Hebeloma radicosum, commonly known as the rooting poison pie, is a species of agaric fungus in the family Hymenogastraceae. Fruit bodies (mushrooms) can be identified by the tapering root-like stipe base, as well as the almond-like odor.

Found in Japan, Europe, and North America, it is an ammonia fungus, and fruits on mole, mouse, or shrew middens.

==Taxonomy==
The species was first described scientifically by Jean Baptiste François Pierre Bulliard in 1784 as Agaricus radicosus. Adalbert Ricken transferred it to Hebeloma in 1915. Historical synonyms have resulted from the transfer of the fungus to the genera Pholiota by Paul Kummer in 1871, Dryophila by Lucien Quélet in 1886, Myxocybe by Victor Fayod in 1889, and Roumeguerites by Marcel Locquin in 1979.

Molecular analysis places the species in a basal position of the Myxocybe clade. This grouping of phylogenetically related species contains members that form a pseudorrhiza, such as H. danicum, H. senescens, H. calyptrosporum, H. birrus, H. pumilium, and H. cylindrosporum.

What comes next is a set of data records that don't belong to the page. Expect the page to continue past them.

(* For every base $\mathcal{B}$, atomic multiset $L$ and ILL formula $\varphi$: if $\Vdash^L_{\mathcal{B}}!\varphi$, then $\Vdash^L_{\mathcal{B}}1$.
   Context: Fix a set $\mathbb{A}$ of propositional atoms. ILL formulae: $\phi ::= p\in\mathbb{A} \mid \top \mid 0 \mid 1 \mid \phi\multimap\phi \mid \phi\otimes\phi \mid \phi\,\&\,\phi \mid \phi\oplus\phi \mid\ !\phi$. All multisets are finite; "$\Gamma,\Delta$" denotes multiset union. Atomic rules and bases: an atomic sequent is $P\Rightarrow p$ with $P$ a multiset of atoms, $p$ an atom. An atomic box is a multiset of atomic sequents. An atomic rule is a triple $\langle\mathbf{A},\mathbf{S},p\rangle$ with $\mathbf{A}$ a multiset of atomic boxes, $\mathbf{S}$ an atomic box, $p$ an atom. A base is a set of atomic rules. An atom $p$ is persistent in $\mathcal{B}$ if some $\langle\varnothing,\mathbf{S},p\rangle\in\mathcal{B}$ has $\mathbf{S}\neq\varnothing$. Derivability $\vdash_{\mathcal{B}}$: (Ref) $p\vdash_{\mathcal{B}}p$; (App) if $\langle\mathbf{A},\mathbf{S},p\rangle\in\mathcal{B}$ with $\mathbf{A}=\{\mathbf{T}_1,\dots,\mathbf{T}_m\}$, and there are atomic multisets $C_1,\dots,C_n$ ($n\ge m$) and a multiset $D=\{d_{m+1},\dots,d_n\}$ of atoms persistent in $\mathcal{B}$ such that $C_i,Q\vdash_{\mathcal{B}}q$ for every $i\le m$ and every $Q\Rightarrow q\in\mathbf{T}_i$, $C_j\vdash_{\mathcal{B}}d_j$ for every $m<j\le n$, and $D,U\vdash_{\mathcal{B}}v$ for every $U\Rightarrow v\in\mathbf{S}$, then $C_1,\dots,C_n\vdash_{\mathcal{B}}p$. Support $\Vdash^L_{\mathcal{B}}$ (base $\mathcal{B}$, atomic multiset $L$), by induction on formulae: $\Vdash^L_{\mathcal{B}}p$ iff $L\vdash_{\mathcal{B}}p$; $\Vdash^L_{\mathcal{B}}\varphi\multimap\psi$ iff $\varphi\Vdash^L_{\mathcal{B}}\psi$; $\Vdash^L_{\mathcal{B}}\varphi\otimes\psi$ iff for all $\mathcal{C}\supseteq\mathcal{B}$, atomic $K$, atoms $p$: if $\varphi,\psi\Vdash^K_{\mathcal{C}}p$ then $\Vdash^{L,K}_{\mathcal{C}}p$; $\Vdash^L_{\mathcal{B}}1$ iff for all $\mathcal{C}\supseteq\mathcal{B}$, $K$, $p$: if $\Vdash^K_{\mathcal{C}}p$ then $\Vdash^{L,K}_{\mathcal{C}}p$; $\Vdash^L_{\mathcal{B}}\varphi\&\psi$ iff $\Vdash^L_{\mathcal{B}}\varphi$ and $\Vdash^L_{\mathcal{B}}\psi$; $\Vdash^L_{\mathcal{B}}\varphi\oplus\psi$ iff for all $\mathcal{C}\supseteq\mathcal{B}$, $K$, $p$: if $\varphi\Vdash^K_{\mathcal{C}}p$ and $\psi\Vdash^K_{\mathcal{C}}p$ then $\Vdash^{L,K}_{\mathcal{C}}p$; $\Vdash^L_{\mathcal{B}}0$ iff $\Vdash^{L,K}_{\mathcal{B}}p$ for all atoms $p$ and atomic $K$; $\Vdash^L_{\mathcal{B}}\top$ always; $\Vdash^L_{\mathcal{B}}!\varphi$ iff for all $\mathcal{C}\supseteq\mathcal{B}$, $K$, $p$: if (for all $\mathcal{D}\supseteq\mathcal{C}$, $\Vdash^{\varnothing}_{\mathcal{D}}\varphi$ implies $\Vdash^K_{\mathcal{D}}p$) then $\Vdash^{L,K}_{\mathcal{C}}p$. For nonempty multisets: $\Vdash^L_{\mathcal{B}}\Gamma,\Delta$ iff $L=K,M$ with $\Vdash^K_{\mathcal{B}}\Gamma$ and $\Vdash^M_{\mathcal{B}}\Delta$. For a nonempty antecedent written $!\Delta,\Theta$, where $!\Delta$ collects the formulae with top-level connective $!$ (with $\Delta$ the formulae under those $!$) and $\Theta$ contains none: $!\Delta,\Theta\Vdash^L_{\mathcal{B}}\varphi$ iff for all $\mathcal{C}\supseteq\mathcal{B}$ and atomic $K$, if $\Vdash^{\varnothing}_{\mathcal{C}}\delta$ for every $\delta\in\Delta$ and $\Vdash^K_{\mathcal{C}}\Theta$ then $\Vdash^{L,K}_{\mathcal{C}}\varphi$ (when $\Theta$ is empty, $K$ is empty). An empty antecedent: $\varnothing\Vdash^L_{\mathcal{B}}\varphi$ means $\Vdash^L_{\mathcal{B}}\varphi$. *)

theory Defs
  imports Main "HOL-Library.Multiset"
begin

datatype 'a ill =
    Atom 'a | Top | Zero | One
  | Lolli "'a ill" "'a ill"
  | Tensor "'a ill" "'a ill"
  | With "'a ill" "'a ill"
  | Plus "'a ill" "'a ill"
  | Bang "'a ill"

type_synonym 'a aseq = "'a multiset \<times> 'a"
type_synonym 'a abox = "'a aseq multiset"
type_synonym 'a arule = "'a abox multiset \<times> 'a abox \<times> 'a"
type_synonym 'a base = "'a arule set"

definition persistent :: "'a base \<Rightarrow> 'a \<Rightarrow> bool" where
  "persistent B p \<longleftrightarrow> (\<exists>S. ({#}, S, p) \<in> B \<and> S \<noteq> {#})"

text \<open>Derivability in a base. The boxes T_1..T_m of the rule are listed as As,
  the multisets C_1..C_m as Cs1, C_{m+1}..C_n as Cs2 and d_{m+1}..d_n as ds.\<close>
inductive deriv :: "'a base \<Rightarrow> 'a multiset \<Rightarrow> 'a \<Rightarrow> bool" where
  Ref: "deriv B {#p#} p"
| App: "\<lbrakk> (A, S, p) \<in> B; mset As = A;
          length Cs1 = length As; length Cs2 = length ds;
          \<forall>i < length As. \<forall>Q q. (Q, q) \<in># As ! i \<longrightarrow> deriv B (Cs1 ! i + Q) q;
          \<forall>j < length ds. persistent B (ds ! j) \<and> deriv B (Cs2 ! j) (ds ! j);
          \<forall>U v. (U, v) \<in># S \<longrightarrow> deriv B (mset ds + U) v \<rbrakk>
        \<Longrightarrow> deriv B (sum_list Cs1 + sum_list Cs2) p"

text \<open>For a single-formula antecedent f, the hypothesis
  "for the extension C and atomic K, K supports f" is rendered as:
  if f = !d then K is empty and d is supported with the empty multiset,
  otherwise f is supported in C with K (this is the paper's clause for !Delta,Theta).\<close>
fun supp :: "'a base \<Rightarrow> 'a multiset \<Rightarrow> 'a ill \<Rightarrow> bool" where
  "supp B L (Atom p) = deriv B L p"
| "supp B L (Lolli \<phi> \<psi>) =
     (\<forall>C K. B \<subseteq> C \<longrightarrow>
        (case \<phi> of Bang \<delta> \<Rightarrow> K = {#} \<and> supp C {#} \<delta> | _ \<Rightarrow> supp C K \<phi>) \<longrightarrow>
        supp C (L + K) \<psi>)"
| "supp B L (Tensor \<phi> \<psi>) =
     (\<forall>C K p. B \<subseteq> C \<longrightarrow>
        (\<forall>D K'. C \<subseteq> D \<longrightarrow>
           (\<exists>K1 K2. K' = K1 + K2 \<and>
              (case \<phi> of Bang \<delta> \<Rightarrow> K1 = {#} \<and> supp D {#} \<delta> | _ \<Rightarrow> supp D K1 \<phi>) \<and>
              (case \<psi> of Bang \<delta> \<Rightarrow> K2 = {#} \<and> supp D {#} \<delta> | _ \<Rightarrow> supp D K2 \<psi>)) \<longrightarrow>
           deriv D (K + K') p) \<longrightarrow>
        deriv C (L + K) p)"
| "supp B L One =
     (\<forall>C K p. B \<subseteq> C \<longrightarrow> deriv C K p \<longrightarrow> deriv C (L + K) p)"
| "supp B L (With \<phi> \<psi>) = (supp B L \<phi> \<and> supp B L \<psi>)"
| "supp B L (Plus \<phi> \<psi>) =
     (\<forall>C K p. B \<subseteq> C \<longrightarrow>
        (\<forall>D K'. C \<subseteq> D \<longrightarrow>
           (case \<phi> of Bang \<delta> \<Rightarrow> K' = {#} \<and> supp D {#} \<delta> | _ \<Rightarrow> supp D K' \<phi>) \<longrightarrow>
           deriv D (K + K') p) \<longrightarrow>
        (\<forall>D K'. C \<subseteq> D \<longrightarrow>
           (case \<psi> of Bang \<delta> \<Rightarrow> K' = {#} \<and> supp D {#} \<delta> | _ \<Rightarrow> supp D K' \<psi>) \<longrightarrow>
           deriv D (K + K') p) \<longrightarrow>
        deriv C (L + K) p)"
| "supp B L Zero = (\<forall>p K. deriv B (L + K) p)"
| "supp B L Top = True"
| "supp B L (Bang \<phi>) =
     (\<forall>C K p. B \<subseteq> C \<longrightarrow>
        (\<forall>D. C \<subseteq> D \<longrightarrow> supp D {#} \<phi> \<longrightarrow> deriv D K p) \<longrightarrow>
        deriv C (L + K) p)"

end

theory Submission
  imports Defs
begin

lemma persistent_mono: "persistent B p \<Longrightarrow> B \<subseteq> D \<Longrightarrow> persistent D p"
  unfolding persistent_def by blast

lemma deriv_mono: "deriv B K p \<Longrightarrow> B \<subseteq> D \<Longrightarrow> deriv D K p"
proof (induction rule: deriv.induct)
  case (Ref B p)
  show ?case by (rule deriv.Ref)
next
  case (App A S p B As Cs1 Cs2 ds)
  show ?case
  proof (rule deriv.App)
    show "(A, S, p) \<in> D" using App.hyps(1) App.prems by blast
    show "\<forall>j < length ds. persistent D (ds ! j) \<and> deriv D (Cs2 ! j) (ds ! j)"
      using App.IH(2) App.prems by (auto intro: persistent_mono)
  qed (use App in auto)
qed

text \<open>Since derivability is monotone in the base, any K deriving p in C meets
  the premise of the clause for \<open>!\<phi>\<close>, whatever \<open>\<phi>\<close> is.\<close>

theorem lemma11:
  fixes B :: "'a base" and L :: "'a multiset" and \<phi> :: "'a ill"
  assumes "supp B L (Bang \<phi>)"
  shows "supp B L One"
  unfolding supp.simps
proof (intro allI impI)
  fix C K p
  assume "B \<subseteq> C" and "deriv C K p"
  then have "\<forall>D. C \<subseteq> D \<longrightarrow> supp D {#} \<phi> \<longrightarrow> deriv D K p"
    by (auto intro: deriv_mono)
  with assms \<open>B \<subseteq> C\<close> show "deriv C (L + K) p" by simp
qed

end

The mushroom is commonly known as the "rooting poison pie".

==Description==
The fruit bodies have caps 5–10 cm in diameter that are initially convex before flattening out in age. The surface of fresh caps is sticky; the color, which ranges from yellowish tan to golden brown to ochre, or pale cinnamon, is lighter towards the margin. The margins of young caps are curled inward, and often have adherent hanging remnants of the partial veil. The gills are notched to nearly free from attachment to the stipe, and have scalloped or fringed edges, especially in maturity. Initially white, the gills change from ochre to reddish brown as the spores mature.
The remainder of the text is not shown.